India’s Ministry of Commerce and Industry has announced an agreement with the EU to setting their dispute over the seizure of Indian generic drugs in transit.  The EU has agreed to adopt guidelines for its customs officials preventing them from seizing medicines in transit unless they have evidence that the goods will enter the European market, and would therefore infringe patent rights in the EU.  In return, “India will not request the establishment of a dispute settlement panel at the WTO” as long as the understanding is upheld.

The dispute was instigated by a series of incidents where generic medicines being shipped from India to Latin America and Africa through European ports were siezed by EU customs officers, even though the goods were not meant to enter into European markets.
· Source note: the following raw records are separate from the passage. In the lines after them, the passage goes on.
(* Assume $M=m-2n\notin-2\mathbb{N}$. Let $T$ be a nonzero integration over the supersphere. Then $T$ has the property that $T(\mathcal{H}_k\mathcal{H}_l)=0=T(\mathcal{H}_l\mathcal{H}_k)$ for all $k\ne l$ (i.e. $T(ab)=T(ba)=0$ for all $a\in\mathcal{H}_k$, $b\in\mathcal{H}_l$) if and only if $T$ is a nonzero scalar multiple of the Pizzetti integral \[ \int_{SS}R=\sum_{k=0}^\infty(-1)^k\frac{2\pi^{M/2}}{4^k\,k!\,\Gamma(k+M/2)}\,(\Delta^kR)(0),\qquad R\in\mathcal{P}. \]
   Context: Let $m,n\ge0$ be integers, $\mathbb{N}=\{0,1,2,\dots\}$, $M=m-2n$. $\mathcal{P}=\mathbb{R}[x_1,\dots,x_m]\otimes\Lambda_{2n}$ is the real algebra generated by commuting $x_1,\dots,x_m$ and anticommuting $\theta_1,\dots,\theta_{2n}$ with $x_i\theta_j=\theta_jx_i$; $\partial_{\theta_j}$ is the Grassmann derivative. $\Delta=4\sum_{j=1}^n\partial_{\theta_{2j-1}}\partial_{\theta_{2j}}-\sum_{j=1}^m\partial_{x_j}^2$, $x^2=\sum_{j=1}^n\theta_{2j-1}\theta_{2j}-\sum_{j=1}^m x_j^2$. $\mathcal{P}_k$ = elements homogeneous of total degree $k$, $\mathcal{H}_k=\{H\in\mathcal{P}_k:\Delta H=0\}$. $(\Delta^kR)(0)$ means evaluation at $x_i=\theta_j=0$ (the sum is finite for $R\in\mathcal{P}$). $Sp(2n)=\{D\in GL_{2n}(\mathbb{R}):D^TJD=J\}$ with $J$ block diagonal with $n$ blocks $\begin{pmatrix}0&1/2\\-1/2&0\end{pmatrix}$; $g=(A,D)\in SO(m)\times Sp(2n)$ acts on $f\in\mathcal{P}$ by $f\mapsto f(g\cdot x)$, the image under $x_i\mapsto\sum_kA_{ik}x_k$, $\theta_j\mapsto\sum_lD_{jl}\theta_l$. An integration over the supersphere is a linear functional $T:\mathcal{P}\to\mathbb{R}$ with $T(x^2f)=-T(f)$ and $T(f(g\cdot x))=T(f)$ for all $f\in\mathcal{P}$, $g\in SO(m)\times Sp(2n)$. *)

theory Defs
  imports "HOL-Analysis.Analysis" "HOL-Combinatorics.Permutations"
begin

text \<open>Superpolynomials in R[x_0..x_(m-1)] tensor Grassmann algebra on theta_0..theta_(2n-1)
  (0-indexed; paper's theta_(2j-1), theta_(2j) are our theta_(2j-2), theta_(2j-1)).
  An element is given by its coefficient function on basis monomials x^a theta_S,
  where a is an exponent vector and theta_S is the ordered product of theta_s, s in S increasing.\<close>

type_synonym spoly = "(nat \<Rightarrow> nat) \<times> nat set \<Rightarrow> real"

definition supp :: "spoly \<Rightarrow> ((nat \<Rightarrow> nat) \<times> nat set) set" where
  "supp f = {p. f p \<noteq> 0}"

definition SP :: "nat \<Rightarrow> nat \<Rightarrow> spoly set" where
  "SP m n = {f. finite (supp f) \<and>
     (\<forall>p\<in>supp f. (\<forall>i\<ge>m. fst p i = 0) \<and> snd p \<subseteq> {..<2*n})}"

definition sp_add :: "spoly \<Rightarrow> spoly \<Rightarrow> spoly" where
  "sp_add f g = (\<lambda>p. f p + g p)"

definition sp_scale :: "real \<Rightarrow> spoly \<Rightarrow> spoly" where
  "sp_scale c f = (\<lambda>p. c * f p)"

definition sp_one :: spoly where
  "sp_one = (\<lambda>p. if fst p = (\<lambda>_. 0) \<and> snd p = {} then 1 else 0)"

text \<open>Sign from reordering theta_S theta_T (S, T disjoint) into theta_(S union T).\<close>
definition perm_sign :: "nat set \<Rightarrow> nat set \<Rightarrow> real" where
  "perm_sign S T = (-1) ^ card {(s,t). s \<in> S \<and> t \<in> T \<and> t < s}"

definition sp_mult :: "spoly \<Rightarrow> spoly \<Rightarrow> spoly" where
  "sp_mult f g = (\<lambda>(c,U). \<Sum>p\<in>supp f. \<Sum>q\<in>supp g.
      if (\<lambda>i. fst p i + fst q i) = c \<and> snd p \<inter> snd q = {} \<and> snd p \<union> snd q = U
      then perm_sign (snd p) (snd q) * f p * g q else 0)"

definition sp_pow :: "spoly \<Rightarrow> nat \<Rightarrow> spoly" where
  "sp_pow f k = ((sp_mult f) ^^ k) sp_one"

definition sp_prodlist :: "spoly list \<Rightarrow> spoly" where
  "sp_prodlist xs = foldr sp_mult xs sp_one"

definition xvar :: "nat \<Rightarrow> spoly" where
  "xvar k = (\<lambda>p. if fst p = (\<lambda>i. if i = k then 1 else 0) \<and> snd p = {} then 1 else 0)"

definition tvar :: "nat \<Rightarrow> spoly" where
  "tvar l = (\<lambda>p. if fst p = (\<lambda>_. 0) \<and> snd p = {l} then 1 else 0)"

definition dx :: "nat \<Rightarrow> spoly \<Rightarrow> spoly" where
  "dx i f = (\<lambda>(a,S). real (a i + 1) * f (a(i := a i + 1), S))"

text \<open>(Left) Grassmann derivative in theta_j:
  d_j theta_S = (-1)^#{s in S. s < j} theta_(S - {j}) if j in S.\<close>
definition dtheta :: "nat \<Rightarrow> spoly \<Rightarrow> spoly" where
  "dtheta j f = (\<lambda>(a,U). if j \<in> U then 0
      else (-1) ^ card {s\<in>U. s < j} * f (a, insert j U))"

definition sp_lap :: "nat \<Rightarrow> nat \<Rightarrow> spoly \<Rightarrow> spoly" where
  "sp_lap m n f = (\<lambda>p. 4 * (\<Sum>j<n. dtheta (2*j) (dtheta (2*j+1) f) p)
                      - (\<Sum>i<m. dx i (dx i f) p))"

definition sp_xsq :: "nat \<Rightarrow> nat \<Rightarrow> spoly" where
  "sp_xsq m n = (\<lambda>p. (\<Sum>j<n. sp_mult (tvar (2*j)) (tvar (2*j+1)) p)
                    - (\<Sum>i<m. sp_mult (xvar i) (xvar i) p))"

definition eval0 :: "spoly \<Rightarrow> real" where
  "eval0 f = f (\<lambda>_. 0, {})"

definition homogeneous :: "nat \<Rightarrow> nat \<Rightarrow> spoly \<Rightarrow> bool" where
  "homogeneous m k f \<longleftrightarrow> (\<forall>p\<in>supp f. (\<Sum>i<m. fst p i) + card (snd p) = k)"

definition Hk :: "nat \<Rightarrow> nat \<Rightarrow> nat \<Rightarrow> spoly set" where
  "Hk m n k = {f \<in> SP m n. homogeneous m k f \<and> sp_lap m n f = (\<lambda>_. 0)}"

text \<open>Matrices as functions nat => nat => real, only entries with indices in range matter.\<close>
definition mat_det :: "nat \<Rightarrow> (nat \<Rightarrow> nat \<Rightarrow> real) \<Rightarrow> real" where
  "mat_det m A = (\<Sum>p | p permutes {..<m}. of_int (sign p) * (\<Prod>i<m. A i (p i)))"

definition SOm :: "nat \<Rightarrow> (nat \<Rightarrow> nat \<Rightarrow> real) set" where
  "SOm m = {A. (\<forall>i<m. \<forall>k<m. (\<Sum>j<m. A j i * A j k) = (if i = k then 1 else 0))
               \<and> mat_det m A = 1}"

definition Jmat :: "nat \<Rightarrow> nat \<Rightarrow> real" where
  "Jmat i k = (if even i \<and> k = i + 1 then 1/2 else if odd i \<and> i = k + 1 then -1/2 else 0)"

definition Spn :: "nat \<Rightarrow> (nat \<Rightarrow> nat \<Rightarrow> real) set" where
  "Spn n = {D. \<forall>i<2*n. \<forall>k<2*n.
      (\<Sum>j<2*n. \<Sum>l<2*n. D j i * Jmat j l * D l k) = Jmat i k}"

text \<open>f(g.x): substitute x_i -> sum_k A_ik x_k, theta_j -> sum_l D_jl theta_l.\<close>
definition lin_x :: "nat \<Rightarrow> (nat \<Rightarrow> nat \<Rightarrow> real) \<Rightarrow> nat \<Rightarrow> spoly" where
  "lin_x m A i = (\<lambda>p. \<Sum>k<m. A i k * xvar k p)"

definition lin_t :: "nat \<Rightarrow> (nat \<Rightarrow> nat \<Rightarrow> real) \<Rightarrow> nat \<Rightarrow> spoly" where
  "lin_t n D j = (\<lambda>p. \<Sum>l<2*n. D j l * tvar l p)"

definition mon_img :: "nat \<Rightarrow> nat \<Rightarrow> (nat \<Rightarrow> nat \<Rightarrow> real) \<Rightarrow> (nat \<Rightarrow> nat \<Rightarrow> real)
    \<Rightarrow> (nat \<Rightarrow> nat) \<Rightarrow> nat set \<Rightarrow> spoly" where
  "mon_img m n A D a S = sp_mult
      (sp_prodlist (map (\<lambda>i. sp_pow (lin_x m A i) (a i)) [0..<m]))
      (sp_prodlist (map (lin_t n D) (sorted_list_of_set S)))"

definition act :: "nat \<Rightarrow> nat \<Rightarrow> (nat \<Rightarrow> nat \<Rightarrow> real) \<Rightarrow> (nat \<Rightarrow> nat \<Rightarrow> real)
    \<Rightarrow> spoly \<Rightarrow> spoly" where
  "act m n A D f = (\<lambda>c. \<Sum>p\<in>supp f. f p * mon_img m n A D (fst p) (snd p) c)"

definition ss_integration :: "nat \<Rightarrow> nat \<Rightarrow> (spoly \<Rightarrow> real) \<Rightarrow> bool" where
  "ss_integration m n T \<longleftrightarrow>
     (\<forall>f\<in>SP m n. \<forall>g\<in>SP m n. T (sp_add f g) = T f + T g) \<and>
     (\<forall>c. \<forall>f\<in>SP m n. T (sp_scale c f) = c * T f) \<and>
     (\<forall>f\<in>SP m n. T (sp_mult (sp_xsq m n) f) = - T f) \<and>
     (\<forall>A\<in>SOm m. \<forall>D\<in>Spn n. \<forall>f\<in>SP m n. T (act m n A D f) = T f)"

definition superdim :: "nat \<Rightarrow> nat \<Rightarrow> real" where
  "superdim m n = real m - 2 * real n"

text \<open>Pizzetti integral (the series has only finitely many nonzero terms).\<close>
definition pizzetti :: "nat \<Rightarrow> nat \<Rightarrow> spoly \<Rightarrow> real" where
  "pizzetti m n R = (\<Sum>k. (-1) ^ k * (2 * pi powr (superdim m n / 2))
       / (4 ^ k * fact k * Gamma (real k + superdim m n / 2))
       * eval0 (((sp_lap m n) ^^ k) R))"

end

theory Submission
  imports Defs
begin

text \<open>For \<open>M \<notin> -2\<nat>\<close> every homogeneous superpolynomial of degree \<open>d \<ge> 2\<close> splits as
  \<open>h + x\<^sup>2 g\<close> with \<open>h\<close> harmonic (Fischer decomposition). It is obtained by inverting
  \<open>g \<mapsto> \<Delta>(x\<^sup>2 g) = x\<^sup>2 \<Delta>g + (2M + 4q) g\<close> degree by degree, which is possible because none of
  the constants \<open>2M + 4q - 4t\<close> vanishes. Hence a linear functional with \<open>T(x\<^sup>2 f) = -T f\<close> is
  determined by its values on harmonics. If \<open>T\<close> is orthogonal across different degrees, pairing
  with the constant \<open>1 \<in> \<H>\<^sub>0\<close> shows that \<open>T\<close> vanishes on \<open>\<H>\<^sub>k\<close>, \<open>k \<ge> 1\<close>, so \<open>T\<close> is a
  multiple of the Pizzetti integral. Conversely the Pizzetti integral satisfies
  \<open>T(x\<^sup>2 f) = -T f\<close> by \<open>\<Gamma>(z + 1) = z \<Gamma>(z)\<close>, and it is orthogonal because
  \<open>\<Delta>\<^sup>j(a b) = 0\<close> for \<open>a\<close> homogeneous of degree \<open>k < j\<close> and \<open>b\<close> harmonic: each Laplacian
  either falls on \<open>a\<close> or splits into first derivatives of both factors.\<close>

section \<open>Superpolynomials as finitely supported coefficient functions\<close>

type_synonym monomial = "(nat \<Rightarrow> nat) \<times> nat set"

definition sp_monom :: "monomial \<Rightarrow> spoly" where
  "sp_monom q = (\<lambda>p. if p = q then 1 else 0)"

definition sp_finite :: "spoly \<Rightarrow> bool" where
  "sp_finite f \<longleftrightarrow> finite (supp f)"

definition mult_kernel :: "monomial \<Rightarrow> monomial \<Rightarrow> monomial \<Rightarrow> real" where
  "mult_kernel p q x =
    (if (\<lambda>i. fst p i + fst q i) = fst x \<and> snd p \<inter> snd q = {} \<and> snd p \<union> snd q = snd x
     then perm_sign (snd p) (snd q) else 0)"

lemma in_supp_iff [simp]: "p \<in> supp f \<longleftrightarrow> f p \<noteq> 0"
  by (simp add: supp_def)

lemma supp_lincomb_subset:
  "supp (\<lambda>x. \<Sum>i\<in>I. c i * u i x) \<subseteq> (\<Union>i\<in>I. supp (u i))"
proof
  fix x assume "x \<in> supp (\<lambda>x. \<Sum>i\<in>I. c i * u i x)"
  then have "(\<Sum>i\<in>I. c i * u i x) \<noteq> 0" by simp
  then obtain i where "i \<in> I" "c i * u i x \<noteq> 0" by (meson sum.neutral)
  then show "x \<in> (\<Union>i\<in>I. supp (u i))" by auto
qed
In response, India initiated a request for consultations at the World Trade Organization (the first step in the process of a formal WTO dispute).  India’s complaint alleged that the seizures violated many Articles of both TRIPS and the General Agreement on Tariffs and Trade (GATT).  The seizures violated TRIPS Articles 41 and 42 because they “create barriers to legitimate trade, permit abuse of the rights conferred on the owner of a patent, are unfair and inequitable, unnecessarily burdensome and complicated and create unwarranted delays.”  They violate GATT Articles 2,3,4,5 and 7 because they “are unreasonable, discriminatory and interfere with, and impose unnecessary delays and restrictions on, the freedom of transit of generic drugs lawfully manufactured within, and exported from, India by the routes most convenient for international transit.”